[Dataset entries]
lemma tau_o_le_imp_llr_sum_gt:
  assumes "tau_o p T N E \<theta> \<Theta> \<epsilon> A \<omega> \<le> enat n"
  shows "\<exists>e\<in>{1..E}. \<exists>l\<in>Lam \<Theta> \<theta> \<epsilon> e. \<exists>k\<in>{1..n}. \<exists>m\<in>{k..n}. A < llr_sum e l k m \<omega>"
proof -
  obtain e where e: "e \<in> {1..E}" and te: "tau_e p T N E \<theta> (Lam \<Theta> \<theta> \<epsilon> e) A e \<omega> \<le> enat n"
    using assms E_pos unfolding tau_o_def by (auto simp: Min_le_iff)
  let ?W = "\<lambda>n. Wstat p T N E \<theta> (Lam \<Theta> \<theta> \<epsilon> e) e n \<omega>"
  have ex: "\<exists>n\<ge>1. ?W n > ereal A"
    using te unfolding tau_e_def by (auto split: if_splits)
  define m where "m = (LEAST n. n \<ge> 1 \<and> ?W n > ereal A)"
  have m: "m \<ge> 1 \<and> ?W m > ereal A" unfolding m_def by (rule LeastI_ex) (use ex in auto)
  have mn: "m \<le> n" using te ex unfolding tau_e_def m_def by auto
  from m have "ereal A < (SUP k\<in>{1..m}. SUP l\<in>Lam \<Theta> \<theta> \<epsilon> e. ereal (llr_sum e l k m \<omega>))"
    by (simp add: Wstat_def llr_sum_def)
  then obtain k l where "k \<in> {1..m}" "l \<in> Lam \<Theta> \<theta> \<epsilon> e" "A < llr_sum e l k m \<omega>"
    by (auto simp: less_SUP_iff)
  then show ?thesis using e mn by (intro bexI[of _ e] bexI[of _ l] bexI[of _ k] bexI[of _ m]) auto
qed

§ About this exercise
Repeat word for word every line from the start of the entries to the line holding "obtain e where", inclusive, and nothing else.

§ Finished exercise
lemma tau_o_le_imp_llr_sum_gt:
  assumes "tau_o p T N E \<theta> \<Theta> \<epsilon> A \<omega> \<le> enat n"
  shows "\<exists>e\<in>{1..E}. \<exists>l\<in>Lam \<Theta> \<theta> \<epsilon> e. \<exists>k\<in>{1..n}. \<exists>m\<in>{k..n}. A < llr_sum e l k m \<omega>"
proof -
  obtain e where e: "e \<in> {1..E}" and te: "tau_e p T N E \<theta> (Lam \<Theta> \<theta> \<epsilon> e) A e \<omega> \<le> enat n"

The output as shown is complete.